theorem lemma12:
  fixes \<phi>0 \<phi> :: "('a::countable, 'g::finite) fm"
    and w :: "('a, 'g) fm set"
  assumes "w \<in> mW (canon (cl \<phi>0))"
    and "\<phi> \<in> cl \<phi>0"
  shows "sat (canon (cl \<phi>0)) w \<phi> \<longleftrightarrow> \<phi> \<in> w"
proof -
  interpret finite_closure_set "cl \<phi>0" by (rule finite_closure_set_cl)
  show ?thesis
    using assms
  proof (induction \<phi> arbitrary: w)
    case (FAtom p)
    then show ?case by (simp add: canon_simps)
  next
    case (FNeg \<phi>)
    then show ?case using cl.sub[OF FNeg.prems(2)] by (simp add: canon_simps mcs_in_FNeg_iff)
  next
    case (FConj \<phi> \<psi>)
    then show ?case using cl.sub[OF FConj.prems(2)] by (simp add: canon_simps mcs_in_FConj_iff)
  next
    case (FA i \<phi>)
    then show ?case by (simp add: canon_simps mcs_in_FA_iff cl.A_sub[OF _ FAtom_mem_subs])
  next
    case (FI i \<phi>)
    then show ?case
      using cl.sub[OF FI.prems(2)] by (auto simp: canon_simps mcs_in_box_iff[of "FI i" i] canon_rel_def)
  next
    case (FSim i \<phi>)
    then show ?case
      using cl.sub[OF FSim.prems(2)] by (auto simp: canon_simps mcs_in_box_iff[of "FSim i" i] canon_rel_def)
  next
    case (FCirc i \<phi>)
    then show ?case
      using cl.sub[OF FCirc.prems(2)] cl.Circ_SIC[OF FCirc.prems(2)]
      by (auto simp: canon_simps mcs_in_FCirc_iff dest: mcs_in_if_trancl_canon_rel)
  next
    case (FE i \<phi>)
    then have "\<phi> \<in> cl \<phi>0" "FA i \<phi> \<in> cl \<phi>0" "FCirc i \<phi> \<in> cl \<phi>0"
      by (auto intro: cl.sub cl.E_A cl.E_Circ)
    with FE show ?case
      by (auto simp: canon_simps mcs_in_FE_iff mcs_in_FA_iff cl.A_sub[OF _ FAtom_mem_subs]
          mcs_in_FCirc_iff cl.Circ_SIC dest: mcs_in_if_trancl_canon_rel)
  qed
qed

end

════════════════

Your answer must consist solely of the lines above between the line holding "case (FConj \<phi> \<psi>)" and the line holding "using cl.sub[OF FI.prems(2)]", inclusive, copied exactly.

RESPONSE.
    case (FConj \<phi> \<psi>)
    then show ?case using cl.sub[OF FConj.prems(2)] by (simp add: canon_simps mcs_in_FConj_iff)
  next
    case (FA i \<phi>)
    then show ?case by (simp add: canon_simps mcs_in_FA_iff cl.A_sub[OF _ FAtom_mem_subs])
  next
    case (FI i \<phi>)
    then show ?case
      using cl.sub[OF FI.prems(2)] by (auto simp: canon_simps mcs_in_box_iff[of "FI i" i] canon_rel_def)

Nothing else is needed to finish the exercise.